С самого раннего детства я любил воду. Мне следовало бы родиться уткой
или ньюфаундлендом[2]. Отец мой был моряком, дед и прадед -- также. Должно
быть, от них я унаследовал это влечение. Во всяком случае, тяга к воде была
у меня так сильна, словно вода была моей родной стихией. Мне рассказывали,
хотя сам я этого не помню, что еще маленьким ребенком меня с трудом отгоняли
от луж и прудов. И в самом деле, первое приключение в моей жизни произошло
на пруду, и я запомнил его хорошо. Правда, оно не было ни столь страшным, ни
столь удивительным, как те приключения, которые мне случилось испытать
впоследствии. Оно было скорее забавным. Но я расскажу его вам, чтобы
показать, как велика была моя страсть к воде.
Я был тогда еще совсем маленьким мальчиком. И это странное
происшествие, случившееся в преддверии моей жизни, явилось как бы
предзнаменованием будущего. Оно как будто предвещало, что мне предстоит
пройти через многие испытания судьбы и пережить немало приключений.

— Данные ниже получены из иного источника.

lemma trunk_unique:
  assumes T1: "(W1, D1) \<in> trunks V E c" and T2: "(W2, D2) \<in> trunks V E c"
    and z: "z \<in> W1" "z \<in> W2"
  shows "W1 = W2 \<and> D1 = D2"
proof -
  have "trunk_candidate V E c (W1 \<union> W2) (D1 \<union> D2)"
    using T1 T2 trunk_candidate_Un[OF _ _ z] by (simp add: mem_trunks_iff)
  then have "W1 \<union> W2 = W1 \<and> D1 \<union> D2 = D1" "W1 \<union> W2 = W2 \<and> D1 \<union> D2 = D2"
    using trunk_maximal[OF T1, of "W1 \<union> W2" "D1 \<union> D2"] trunk_maximal[OF T2, of "W1 \<union> W2" "D1 \<union> D2"]
    by auto
  then show ?thesis by (metis sup_commute)
qed

lemma ex_trunk:
  assumes "y \<in> nbrs E x"
  shows "\<exists>W D. (W, D) \<in> trunks V E c \<and> x \<in> W"
proof -
  let ?S = "{(W, D). trunk_candidate V E c W D}"
  have "?S \<subseteq> Pow V \<times> Pow E" by (auto simp: trunk_candidate_iff)
  moreover have "finite (Pow V \<times> Pow E)"
    using simple_graph_finite_edges[OF simple] simple by (simp add: simple_graph_def)
  ultimately have "finite ?S" by (rule finite_subset)
  moreover have "({x, y}, {{x, y}}) \<in> ?S" using trunk_candidate_edge[OF assms] by simp
  ultimately obtain T where T: "T \<in> ?S" "({x, y}, {{x, y}}) \<le> T"
    and max: "\<forall>T'\<in>?S. T \<le> T' \<longrightarrow> T = T'"
    by (blast dest: finite_has_maximal2)
  obtain W D where WD: "T = (W, D)" by fastforce
  have "(W, D) \<in> trunks V E c"
    using T(1) max unfolding WD mem_trunks_iff by auto
  then show ?thesis using T(2) WD by auto
qed

lemma trunk_root_if_condition:
  assumes T: "(W, D) \<in> trunks V E c"
    and "(card {x \<in> W. c x \<noteq> None} = 1 \<and> D \<inter> E_gtgt2 E = {})
      \<or> ({x \<in> W. c x \<noteq> None} = {} \<and> (\<exists>v\<in>W. \<forall>e\<in>E_gtgt2 D. v \<in> e))"
  shows "\<exists>r. trunk_root E c W D r"
  using assms(2)
proof
  assume one: "card {x \<in> W. c x \<noteq> None} = 1 \<and> D \<inter> E_gtgt2 E = {}"
  then obtain r where r: "{x \<in> W. c x \<noteq> None} = {r}"
    by (meson card_1_singletonE)
  have "r \<in> W" "\<forall>x\<in>W. c x \<noteq> None \<longrightarrow> x = r" using r by blast+
  then have "trunk_root E c W D r" using one by (simp add: trunk_root_def)
  then show ?thesis ..
next
  assume none: "{x \<in> W. c x \<noteq> None} = {} \<and> (\<exists>v\<in>W. \<forall>e\<in>E_gtgt2 D. v \<in> e)"
  then obtain r where r: "r \<in> W" "\<forall>e\<in>E_gtgt2 D. r \<in> e" by blast
  have "e \<in> E_gtgt2 D" if e: "e \<in> D \<inter> E_gtgt2 E" for e
  proof -
    have "e \<subseteq> W" using T e by (simp add: mem_trunks_iff trunk_candidate_iff)
    then have "deg D x = deg E x" if "x \<in> e" for x
      using trunk_nbrs[OF T] that by (simp add: deg_eq_card_nbrs subset_iff)
    then show ?thesis using e by (simp add: E_gtgt2_def)
  qed
  then have "trunk_root E c W D r" using r none by (simp add: trunk_root_def)
  then show ?thesis ..
qed

lemma trunk_of_big_vertex:
  assumes "3 \<le> deg E u"
  obtains W D where "(W, D) \<in> trunks V E c" "u \<in> W"
proof -
  have "nbrs E u \<noteq> {}" using assms by (auto simp: deg_eq_card_nbrs)
  then show ?thesis using ex_trunk that by blast
qed

context
  fixes par :: "'v \<Rightarrow> 'v option"
  assumes orientation: "orientation E par"
    and rooted: "\<And>W D. (W, D) \<in> trunks V E c \<Longrightarrow> \<exists>r. trunk_root E c W D r \<and> par r = None"
begin

lemma big_parent_is_root_if_rooted:
  assumes ug: "par u = Some g" and big: "3 \<le> deg E u" "3 \<le> deg E g"
  shows "par g = None"
proof -
  obtain W D where T: "(W, D) \<in> trunks V E c" and u: "u \<in> W"
    using trunk_of_big_vertex[OF big(1)] .
  obtain r where r: "trunk_root E c W D r" "par r = None" using rooted[OF T] by blast
  have "g \<in> nbrs E u" using orientation ug by (simp add: orientation_def)
  then have "{u, g} \<in> D" using trunk_closed[OF T u] by blast
  moreover have "{u, g} \<in> E_gtgt2 E"
    using \<open>g \<in> nbrs E u\<close> big by (auto simp: E_gtgt2_def nbrs_def)
  ultimately have "{u, g} \<in> D \<inter> E_gtgt2 E" by (rule IntI)
  then have "r \<in> {u, g}" using r(1) unfolding trunk_root_def by (elim conjE bspec)
  then show ?thesis using r(2) ug by auto
qed

lemma safe_if_rooted: "safe E par c"
  unfolding safe_def safe_at_def
proof (intro allI impI)
  fix u assume "c u = None" and big: "3 \<le> deg E u"
  obtain W D where T: "(W, D) \<in> trunks V E c" and u: "u \<in> W"
    using trunk_of_big_vertex[OF big] .
  obtain r where r: "trunk_root E c W D r" "par r = None" using rooted[OF T] by blast
  have coloured_nbr: "y = r" if "y \<in> nbrs E u" "c y \<noteq> None" for y
    using trunk_closed[OF T u that(1)] that(2) r(1) by (simp add: trunk_root_def)
  then have "seen_colours E c u \<subseteq> {the (c r)}"
    by (auto simp: seen_colours_def)
  moreover have "par u = Some y" if "y \<in> nbrs E u" "c y \<noteq> None" for y
  proof -
    have "par u = Some y \<or> par y = Some u"
      using orientation that(1) by (simp add: orientation_def)
    then show ?thesis using coloured_nbr[OF that] r(2) by auto
  qed
  ultimately show "(\<exists>b. seen_colours E c u \<subseteq> {b}) \<and>
      ((\<exists>y\<in>nbrs E u. c y \<noteq> None \<and> par u \<noteq> Some y) \<longrightarrow> (\<exists>p. par u = Some p \<and> c p \<noteq> None))"
    by blast
qed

Я уже сказал, что был в то время совсем малышом. Меня только что начали
пускать одного, без взрослых, и я находился как раз в том возрасте, когда
дети любят спускать на воду бумажные кораблики. Я уже умел делать их,
вырывая страницы из старых книг и газет, и часто посылал свои "суда"

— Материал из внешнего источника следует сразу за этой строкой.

theorem mainTheorem9:
  fixes n p q :: nat
  assumes "n > 1" and "p < q" and "q \<le> n"
  shows "BC (K2_simplices :: nat \<Rightarrow> (nat \<Rightarrow> nat \<Rightarrow> nat \<Rightarrow> 'a::comm_monoid_mult) set) K2_face p q n \<longleftrightarrow>
    (\<forall>a :: nat \<Rightarrow> nat \<Rightarrow> nat \<Rightarrow> 'a.
       (\<forall>i j k l. i < j \<and> j < k \<and> k < l \<and> l \<le> n \<and> \<not> ({p, q} \<subseteq> {i, j, k, l}) \<longrightarrow>
          a i k l * a i j k = a i j l * a j k l) \<longrightarrow>
       (\<exists>x y z :: nat \<Rightarrow> 'a.
          (\<forall>i j. i < j \<and> j < p \<longrightarrow> x i * a i j p = a i j q * x j) \<and>
          (\<forall>j k. p < j \<and> j < k \<and> k < q \<longrightarrow> y k * a p j k = y j * a j k q) \<and>
          (\<forall>k l. q < k \<and> k < l \<and> l \<le> n \<longrightarrow> a p k l * z k = z l * a q k l) \<and>
          (\<forall>i j. i < p \<and> p < j \<and> j < q \<longrightarrow> x i * y j = a i j q * a i p j) \<and>
          (\<forall>i k. i < p \<and> q < k \<and> k \<le> n \<longrightarrow> a i q k * x i = a i p k * z k) \<and>
          (\<forall>j k. p < j \<and> j < q \<and> q < k \<and> k \<le> n \<longrightarrow> z k * y j = a p j k * a j q k)))"
  unfolding K2_cocycle_outside_def[symmetric] K2_filler_eqns_def[symmetric]
proof
  assume "BC (K2_simplices :: nat \<Rightarrow> (nat \<Rightarrow> nat \<Rightarrow> nat \<Rightarrow> 'a) set) K2_face p q n"
  then show "\<forall>a :: nat \<Rightarrow> nat \<Rightarrow> nat \<Rightarrow> 'a.
      K2_cocycle_outside n p q a \<longrightarrow> (\<exists>x y z. K2_filler_eqns n p q a x y z)"
    using K2_filler_eqns_if_BC assms(2,3) by blast
next
  assume "\<forall>a :: nat \<Rightarrow> nat \<Rightarrow> nat \<Rightarrow> 'a.
      K2_cocycle_outside n p q a \<longrightarrow> (\<exists>x y z. K2_filler_eqns n p q a x y z)"
  then show "BC (K2_simplices :: nat \<Rightarrow> (nat \<Rightarrow> nat \<Rightarrow> nat \<Rightarrow> 'a) set) K2_face p q n"
    using BC_K2_if_filler_eqns assms(2,3) by blast
qed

путешествовать через большую лужу, которая заменяла мне океан. Но скоро мне
показалось этого мало. Я собрал за шесть месяцев карманные деньги, экономя
их специально для этой цели, и приобрел у старого рыбака полностью
оснащенный игрушечный корабль, который он смастерил на досуге.
Мой корабль имел всего шесть дюймов[3] в длину и три дюйма в ширину, и
если бы его тоннаж был зарегистрирован (а он, конечно, не прошел
регистрацию), то он составил бы около полуфунта. "Утлое суденышко",--
скажете вы, но в ту пору оно представлялось мне ничем не хуже настоящего
трехпалубного корабля.
Я решил, что он слишком велик для лужи, где купались утки, и начал
искать место, где он мог бы по-настоящему показать свои морские качества.
Скоро я нашел очень большой пруд -- вернее, озеро, где вода была чиста,
как кристалл, и тихий ветерок рябил ее поверхность. Этого ветра было
достаточно, чтобы надувать паруса и нести мой маленький кораблик, как птицу
на крыльях. Часто он пересекал весь пруд, прежде чем я успевал обежать
вокруг, чтобы поймать его вновь. Много раз мы с ним состязались в скорости с
переменным успехом. Иногда побеждал он, иногда я, в зависимости от того, был
ли ветер попутным или дул навстречу кораблику.
Красивый пруд, на берегах которого я забавлялся и провел лучшие часы
моего детства, не был общественной собственностью. Он был расположен в
парке, принадлежавшем частному лицу. Парк начинался от конца деревни, и,
конечно, пруд принадлежал владельцу парка. Это был, однако, доброжелательный
и лишенный предрассудков джентльмен. Он разрешал жителям деревни проходить
по своим землям и не только не возражал против того, чтобы мальчики пускали
кораблики по его прудам и бассейнам, но даже позволял им играть в крикет на
площадках парка, с тем чтобы дети вели себя осторожно и не портили кустов и
растений, которыми были обсажены аллеи. С его стороны это было очень
любезно. Мы, деревенская детвора, это чувствовали и вели себя так, что мне
ни разу не приходилось слышать о каком-либо значительном ущербе, причиненном
парку и пруду.
Парк и пруд существуют до сих пор -- вы, наверно, знаете их. Но добрый
джентльмен, о котором я говорю, давно ушел из этого мира, потому что его уже
тогда называли "старым джентльменом", а это было шестьдесят лет назад.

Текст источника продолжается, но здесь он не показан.